Content starts

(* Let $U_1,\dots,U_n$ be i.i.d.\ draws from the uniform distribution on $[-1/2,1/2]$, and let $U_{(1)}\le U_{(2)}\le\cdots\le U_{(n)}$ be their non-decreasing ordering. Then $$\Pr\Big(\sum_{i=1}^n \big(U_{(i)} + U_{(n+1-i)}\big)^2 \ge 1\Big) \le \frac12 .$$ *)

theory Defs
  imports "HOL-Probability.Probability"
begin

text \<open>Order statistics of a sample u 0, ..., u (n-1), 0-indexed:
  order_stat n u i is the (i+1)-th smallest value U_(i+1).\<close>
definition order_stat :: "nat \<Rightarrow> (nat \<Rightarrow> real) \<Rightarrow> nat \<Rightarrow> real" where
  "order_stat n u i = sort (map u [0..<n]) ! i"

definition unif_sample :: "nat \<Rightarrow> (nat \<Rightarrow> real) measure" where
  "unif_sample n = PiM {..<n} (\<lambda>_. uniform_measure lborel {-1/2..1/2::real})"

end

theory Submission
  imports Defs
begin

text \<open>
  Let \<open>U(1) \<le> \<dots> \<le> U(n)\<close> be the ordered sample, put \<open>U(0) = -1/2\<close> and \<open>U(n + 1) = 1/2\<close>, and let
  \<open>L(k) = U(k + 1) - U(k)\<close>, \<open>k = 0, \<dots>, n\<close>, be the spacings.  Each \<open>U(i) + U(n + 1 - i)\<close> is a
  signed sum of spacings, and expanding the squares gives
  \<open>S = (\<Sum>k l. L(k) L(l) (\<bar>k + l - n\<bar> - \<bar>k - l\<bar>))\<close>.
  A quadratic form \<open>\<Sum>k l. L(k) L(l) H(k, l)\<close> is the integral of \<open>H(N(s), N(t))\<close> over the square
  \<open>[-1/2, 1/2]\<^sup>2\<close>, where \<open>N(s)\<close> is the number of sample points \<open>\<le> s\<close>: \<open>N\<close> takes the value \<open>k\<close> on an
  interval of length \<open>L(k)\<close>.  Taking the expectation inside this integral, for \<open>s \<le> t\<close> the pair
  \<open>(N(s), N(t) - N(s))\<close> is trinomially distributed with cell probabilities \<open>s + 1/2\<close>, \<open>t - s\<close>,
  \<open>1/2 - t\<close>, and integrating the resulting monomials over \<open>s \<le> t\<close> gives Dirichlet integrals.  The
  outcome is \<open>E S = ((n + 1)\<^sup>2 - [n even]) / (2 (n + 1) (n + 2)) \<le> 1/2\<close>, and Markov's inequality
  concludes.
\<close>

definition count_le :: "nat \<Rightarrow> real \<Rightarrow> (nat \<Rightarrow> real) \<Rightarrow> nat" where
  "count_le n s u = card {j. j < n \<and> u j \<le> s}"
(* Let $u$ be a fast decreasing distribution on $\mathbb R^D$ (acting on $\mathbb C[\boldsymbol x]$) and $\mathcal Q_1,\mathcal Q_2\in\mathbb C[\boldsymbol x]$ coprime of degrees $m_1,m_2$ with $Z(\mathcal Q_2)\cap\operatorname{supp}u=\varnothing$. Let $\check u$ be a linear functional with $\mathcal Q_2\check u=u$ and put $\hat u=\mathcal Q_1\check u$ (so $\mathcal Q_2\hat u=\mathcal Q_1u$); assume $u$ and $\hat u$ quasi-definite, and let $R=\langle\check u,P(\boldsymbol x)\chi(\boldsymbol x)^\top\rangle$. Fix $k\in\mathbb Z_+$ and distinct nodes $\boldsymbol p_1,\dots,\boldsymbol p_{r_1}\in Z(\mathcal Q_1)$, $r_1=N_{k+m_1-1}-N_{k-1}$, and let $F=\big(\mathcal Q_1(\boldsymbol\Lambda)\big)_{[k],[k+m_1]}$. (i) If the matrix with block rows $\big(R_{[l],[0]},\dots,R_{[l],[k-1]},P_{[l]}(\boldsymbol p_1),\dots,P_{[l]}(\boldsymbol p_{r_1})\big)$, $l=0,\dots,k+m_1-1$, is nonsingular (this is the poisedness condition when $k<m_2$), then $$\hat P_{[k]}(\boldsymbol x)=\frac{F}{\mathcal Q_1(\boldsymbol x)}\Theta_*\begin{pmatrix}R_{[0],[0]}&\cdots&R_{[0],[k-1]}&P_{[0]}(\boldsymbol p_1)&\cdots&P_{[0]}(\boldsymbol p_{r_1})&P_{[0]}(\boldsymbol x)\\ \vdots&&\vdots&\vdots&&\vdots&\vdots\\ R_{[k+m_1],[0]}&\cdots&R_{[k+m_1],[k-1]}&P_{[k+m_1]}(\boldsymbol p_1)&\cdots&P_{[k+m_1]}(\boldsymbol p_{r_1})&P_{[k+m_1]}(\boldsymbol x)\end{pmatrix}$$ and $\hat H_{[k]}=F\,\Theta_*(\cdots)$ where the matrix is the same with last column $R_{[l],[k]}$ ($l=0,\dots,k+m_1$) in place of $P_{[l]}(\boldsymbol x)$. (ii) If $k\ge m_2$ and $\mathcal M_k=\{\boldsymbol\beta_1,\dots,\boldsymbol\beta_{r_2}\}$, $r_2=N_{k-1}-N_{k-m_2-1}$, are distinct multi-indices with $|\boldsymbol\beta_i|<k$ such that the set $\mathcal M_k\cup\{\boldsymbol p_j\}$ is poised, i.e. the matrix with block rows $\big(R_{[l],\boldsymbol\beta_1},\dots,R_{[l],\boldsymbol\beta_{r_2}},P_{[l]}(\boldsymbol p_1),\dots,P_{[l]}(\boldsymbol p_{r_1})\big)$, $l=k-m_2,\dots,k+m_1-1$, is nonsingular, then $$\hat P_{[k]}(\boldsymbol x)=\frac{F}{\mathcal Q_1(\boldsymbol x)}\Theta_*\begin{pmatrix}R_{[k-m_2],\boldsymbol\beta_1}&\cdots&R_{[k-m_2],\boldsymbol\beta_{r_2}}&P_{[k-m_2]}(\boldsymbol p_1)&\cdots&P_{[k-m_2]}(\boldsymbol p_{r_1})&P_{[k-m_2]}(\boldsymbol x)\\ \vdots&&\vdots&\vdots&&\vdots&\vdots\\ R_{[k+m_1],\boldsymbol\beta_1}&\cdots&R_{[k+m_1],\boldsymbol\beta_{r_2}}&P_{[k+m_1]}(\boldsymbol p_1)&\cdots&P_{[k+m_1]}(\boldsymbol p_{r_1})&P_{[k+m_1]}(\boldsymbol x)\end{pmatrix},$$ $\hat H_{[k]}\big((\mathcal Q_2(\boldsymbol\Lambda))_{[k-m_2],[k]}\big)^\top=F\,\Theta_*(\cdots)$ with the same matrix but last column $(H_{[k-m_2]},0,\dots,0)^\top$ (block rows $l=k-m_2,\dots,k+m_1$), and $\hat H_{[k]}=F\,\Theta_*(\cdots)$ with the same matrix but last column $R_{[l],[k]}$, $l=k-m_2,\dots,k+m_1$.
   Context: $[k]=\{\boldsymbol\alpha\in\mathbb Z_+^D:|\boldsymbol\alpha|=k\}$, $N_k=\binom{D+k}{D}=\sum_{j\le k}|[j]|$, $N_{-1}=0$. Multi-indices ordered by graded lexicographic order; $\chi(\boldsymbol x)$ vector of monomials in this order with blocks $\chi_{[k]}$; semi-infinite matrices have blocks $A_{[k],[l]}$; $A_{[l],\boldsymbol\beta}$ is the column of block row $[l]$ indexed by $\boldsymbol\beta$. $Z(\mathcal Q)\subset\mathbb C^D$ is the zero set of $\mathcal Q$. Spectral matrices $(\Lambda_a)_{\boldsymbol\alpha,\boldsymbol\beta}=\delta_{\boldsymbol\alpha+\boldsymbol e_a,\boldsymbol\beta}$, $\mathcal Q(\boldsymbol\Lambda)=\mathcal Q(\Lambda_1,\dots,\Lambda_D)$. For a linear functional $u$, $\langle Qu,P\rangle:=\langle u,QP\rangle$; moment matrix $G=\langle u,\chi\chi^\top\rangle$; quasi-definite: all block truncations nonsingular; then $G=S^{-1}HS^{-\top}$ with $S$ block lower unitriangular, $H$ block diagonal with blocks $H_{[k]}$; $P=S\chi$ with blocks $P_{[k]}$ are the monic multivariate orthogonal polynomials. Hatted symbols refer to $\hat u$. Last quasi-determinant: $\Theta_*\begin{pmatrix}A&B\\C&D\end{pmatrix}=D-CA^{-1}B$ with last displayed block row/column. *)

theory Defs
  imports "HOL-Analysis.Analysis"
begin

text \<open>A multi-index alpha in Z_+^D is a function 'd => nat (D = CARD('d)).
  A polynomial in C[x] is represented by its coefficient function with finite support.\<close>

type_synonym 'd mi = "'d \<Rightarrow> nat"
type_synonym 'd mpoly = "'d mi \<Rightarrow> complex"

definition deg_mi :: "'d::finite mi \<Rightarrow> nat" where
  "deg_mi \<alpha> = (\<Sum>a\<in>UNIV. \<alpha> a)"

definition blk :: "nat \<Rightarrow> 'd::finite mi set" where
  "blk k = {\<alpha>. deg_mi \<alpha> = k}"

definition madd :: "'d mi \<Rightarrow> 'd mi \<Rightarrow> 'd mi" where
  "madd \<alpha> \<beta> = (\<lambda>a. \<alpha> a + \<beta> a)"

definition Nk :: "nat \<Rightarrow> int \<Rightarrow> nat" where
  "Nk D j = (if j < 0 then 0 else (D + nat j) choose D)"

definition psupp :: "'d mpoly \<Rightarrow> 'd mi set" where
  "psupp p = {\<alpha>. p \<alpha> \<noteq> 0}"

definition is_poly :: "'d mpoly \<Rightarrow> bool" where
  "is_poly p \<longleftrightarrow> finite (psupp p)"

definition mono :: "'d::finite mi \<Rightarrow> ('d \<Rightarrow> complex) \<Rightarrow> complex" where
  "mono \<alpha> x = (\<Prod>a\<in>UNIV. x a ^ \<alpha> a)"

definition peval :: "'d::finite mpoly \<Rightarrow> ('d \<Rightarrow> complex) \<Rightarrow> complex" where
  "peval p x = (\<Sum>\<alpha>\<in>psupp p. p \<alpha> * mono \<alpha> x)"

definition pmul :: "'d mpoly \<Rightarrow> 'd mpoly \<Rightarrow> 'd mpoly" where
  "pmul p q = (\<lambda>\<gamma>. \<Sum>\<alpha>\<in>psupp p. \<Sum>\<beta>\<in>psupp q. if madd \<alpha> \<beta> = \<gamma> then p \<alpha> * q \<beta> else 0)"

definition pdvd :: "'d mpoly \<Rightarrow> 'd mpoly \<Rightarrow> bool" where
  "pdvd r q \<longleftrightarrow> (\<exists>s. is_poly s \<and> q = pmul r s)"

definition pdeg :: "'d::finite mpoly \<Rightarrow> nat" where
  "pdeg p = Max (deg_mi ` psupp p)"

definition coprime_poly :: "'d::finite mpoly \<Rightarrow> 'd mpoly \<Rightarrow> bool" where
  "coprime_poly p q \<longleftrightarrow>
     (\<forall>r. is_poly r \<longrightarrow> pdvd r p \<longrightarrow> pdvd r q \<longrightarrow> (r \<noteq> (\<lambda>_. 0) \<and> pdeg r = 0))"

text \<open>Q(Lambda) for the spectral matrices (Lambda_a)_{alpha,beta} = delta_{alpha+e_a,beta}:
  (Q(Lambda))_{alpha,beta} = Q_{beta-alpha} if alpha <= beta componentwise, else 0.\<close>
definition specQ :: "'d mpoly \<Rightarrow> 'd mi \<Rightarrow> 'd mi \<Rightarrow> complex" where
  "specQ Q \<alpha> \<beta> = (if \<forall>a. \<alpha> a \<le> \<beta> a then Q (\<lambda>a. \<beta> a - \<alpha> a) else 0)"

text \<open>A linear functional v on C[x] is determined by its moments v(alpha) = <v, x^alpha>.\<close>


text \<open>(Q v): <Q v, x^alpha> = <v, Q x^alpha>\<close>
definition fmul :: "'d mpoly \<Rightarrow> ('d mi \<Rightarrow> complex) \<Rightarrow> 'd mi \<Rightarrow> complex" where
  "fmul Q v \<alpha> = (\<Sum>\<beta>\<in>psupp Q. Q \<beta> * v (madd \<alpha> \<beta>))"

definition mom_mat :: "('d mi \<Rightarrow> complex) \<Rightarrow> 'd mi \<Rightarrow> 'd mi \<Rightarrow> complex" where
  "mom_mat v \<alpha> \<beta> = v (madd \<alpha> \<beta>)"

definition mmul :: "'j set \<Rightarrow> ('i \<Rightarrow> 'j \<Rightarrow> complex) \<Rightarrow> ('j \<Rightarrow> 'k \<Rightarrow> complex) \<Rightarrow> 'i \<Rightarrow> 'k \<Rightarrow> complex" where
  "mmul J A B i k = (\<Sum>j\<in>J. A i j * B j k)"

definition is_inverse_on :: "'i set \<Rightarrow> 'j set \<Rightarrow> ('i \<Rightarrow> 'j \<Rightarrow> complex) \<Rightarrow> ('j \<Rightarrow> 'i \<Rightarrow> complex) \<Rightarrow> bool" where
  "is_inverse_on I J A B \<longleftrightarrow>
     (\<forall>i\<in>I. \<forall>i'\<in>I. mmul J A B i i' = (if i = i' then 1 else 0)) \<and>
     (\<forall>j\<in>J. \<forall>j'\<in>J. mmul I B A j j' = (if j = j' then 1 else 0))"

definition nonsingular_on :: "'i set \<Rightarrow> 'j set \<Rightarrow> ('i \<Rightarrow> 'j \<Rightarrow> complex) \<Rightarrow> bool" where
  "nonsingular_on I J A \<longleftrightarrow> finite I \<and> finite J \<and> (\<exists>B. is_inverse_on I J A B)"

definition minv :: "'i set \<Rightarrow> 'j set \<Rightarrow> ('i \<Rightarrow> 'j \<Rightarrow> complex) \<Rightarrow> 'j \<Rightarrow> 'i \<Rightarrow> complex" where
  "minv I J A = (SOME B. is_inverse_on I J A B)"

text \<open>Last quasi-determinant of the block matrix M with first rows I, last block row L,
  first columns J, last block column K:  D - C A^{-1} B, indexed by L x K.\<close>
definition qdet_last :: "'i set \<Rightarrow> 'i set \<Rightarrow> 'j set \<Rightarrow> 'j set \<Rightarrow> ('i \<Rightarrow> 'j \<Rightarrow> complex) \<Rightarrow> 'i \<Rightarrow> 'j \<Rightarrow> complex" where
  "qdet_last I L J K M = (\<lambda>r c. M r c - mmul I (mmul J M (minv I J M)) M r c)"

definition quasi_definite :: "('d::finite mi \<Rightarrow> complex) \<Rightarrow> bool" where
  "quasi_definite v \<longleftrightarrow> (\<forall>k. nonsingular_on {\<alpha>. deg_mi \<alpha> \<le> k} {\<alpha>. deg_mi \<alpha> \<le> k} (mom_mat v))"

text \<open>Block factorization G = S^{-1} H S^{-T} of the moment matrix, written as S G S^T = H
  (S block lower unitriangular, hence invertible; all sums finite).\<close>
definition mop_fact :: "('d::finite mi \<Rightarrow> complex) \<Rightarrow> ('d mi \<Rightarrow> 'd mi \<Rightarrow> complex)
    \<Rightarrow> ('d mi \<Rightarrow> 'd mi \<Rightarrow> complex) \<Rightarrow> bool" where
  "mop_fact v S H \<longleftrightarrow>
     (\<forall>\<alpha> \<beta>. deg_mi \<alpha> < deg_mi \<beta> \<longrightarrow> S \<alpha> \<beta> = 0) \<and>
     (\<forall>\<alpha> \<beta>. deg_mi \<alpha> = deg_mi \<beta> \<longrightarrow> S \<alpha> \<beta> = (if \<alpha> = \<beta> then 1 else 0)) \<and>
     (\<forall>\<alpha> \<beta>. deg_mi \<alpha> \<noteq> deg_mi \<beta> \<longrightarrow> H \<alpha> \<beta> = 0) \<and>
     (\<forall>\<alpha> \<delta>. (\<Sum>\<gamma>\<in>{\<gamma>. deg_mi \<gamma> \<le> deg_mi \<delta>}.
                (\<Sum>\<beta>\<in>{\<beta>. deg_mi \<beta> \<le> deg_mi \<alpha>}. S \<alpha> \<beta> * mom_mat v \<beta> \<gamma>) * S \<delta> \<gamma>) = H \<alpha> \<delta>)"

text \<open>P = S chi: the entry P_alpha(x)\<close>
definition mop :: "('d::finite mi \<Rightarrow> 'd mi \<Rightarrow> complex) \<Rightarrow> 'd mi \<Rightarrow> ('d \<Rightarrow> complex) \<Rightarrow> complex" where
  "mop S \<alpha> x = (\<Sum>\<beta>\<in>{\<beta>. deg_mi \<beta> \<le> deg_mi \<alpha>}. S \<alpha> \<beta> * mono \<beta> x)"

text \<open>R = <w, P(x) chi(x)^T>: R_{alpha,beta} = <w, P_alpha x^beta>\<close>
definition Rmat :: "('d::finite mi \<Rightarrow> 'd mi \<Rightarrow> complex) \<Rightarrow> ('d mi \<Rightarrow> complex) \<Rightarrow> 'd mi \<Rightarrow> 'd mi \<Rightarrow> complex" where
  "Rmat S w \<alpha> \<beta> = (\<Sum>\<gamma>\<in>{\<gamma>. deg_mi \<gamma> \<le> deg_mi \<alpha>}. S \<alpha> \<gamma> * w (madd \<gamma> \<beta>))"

Content ends

WHAT THE EXERCISE ASKS: Reproduce word for word the material above, starting with the line that has "text \<open>(Q v): <Q" and stopping after the line that has "J A \<longleftrightarrow>".

OUTPUT:
text \<open>(Q v): <Q v, x^alpha> = <v, Q x^alpha>\<close>
definition fmul :: "'d mpoly \<Rightarrow> ('d mi \<Rightarrow> complex) \<Rightarrow> 'd mi \<Rightarrow> complex" where
  "fmul Q v \<alpha> = (\<Sum>\<beta>\<in>psupp Q. Q \<beta> * v (madd \<alpha> \<beta>))"

definition mom_mat :: "('d mi \<Rightarrow> complex) \<Rightarrow> 'd mi \<Rightarrow> 'd mi \<Rightarrow> complex" where
  "mom_mat v \<alpha> \<beta> = v (madd \<alpha> \<beta>)"

definition mmul :: "'j set \<Rightarrow> ('i \<Rightarrow> 'j \<Rightarrow> complex) \<Rightarrow> ('j \<Rightarrow> 'k \<Rightarrow> complex) \<Rightarrow> 'i \<Rightarrow> 'k \<Rightarrow> complex" where
  "mmul J A B i k = (\<Sum>j\<in>J. A i j * B j k)"

definition is_inverse_on :: "'i set \<Rightarrow> 'j set \<Rightarrow> ('i \<Rightarrow> 'j \<Rightarrow> complex) \<Rightarrow> ('j \<Rightarrow> 'i \<Rightarrow> complex) \<Rightarrow> bool" where
  "is_inverse_on I J A B \<longleftrightarrow>
     (\<forall>i\<in>I. \<forall>i'\<in>I. mmul J A B i i' = (if i = i' then 1 else 0)) \<and>
     (\<forall>j\<in>J. \<forall>j'\<in>J. mmul I B A j j' = (if j = j' then 1 else 0))"

definition nonsingular_on :: "'i set \<Rightarrow> 'j set \<Rightarrow> ('i \<Rightarrow> 'j \<Rightarrow> complex) \<Rightarrow> bool" where
  "nonsingular_on I J A \<longleftrightarrow> finite I \<and> finite J \<and> (\<exists>B. is_inverse_on I J A B)"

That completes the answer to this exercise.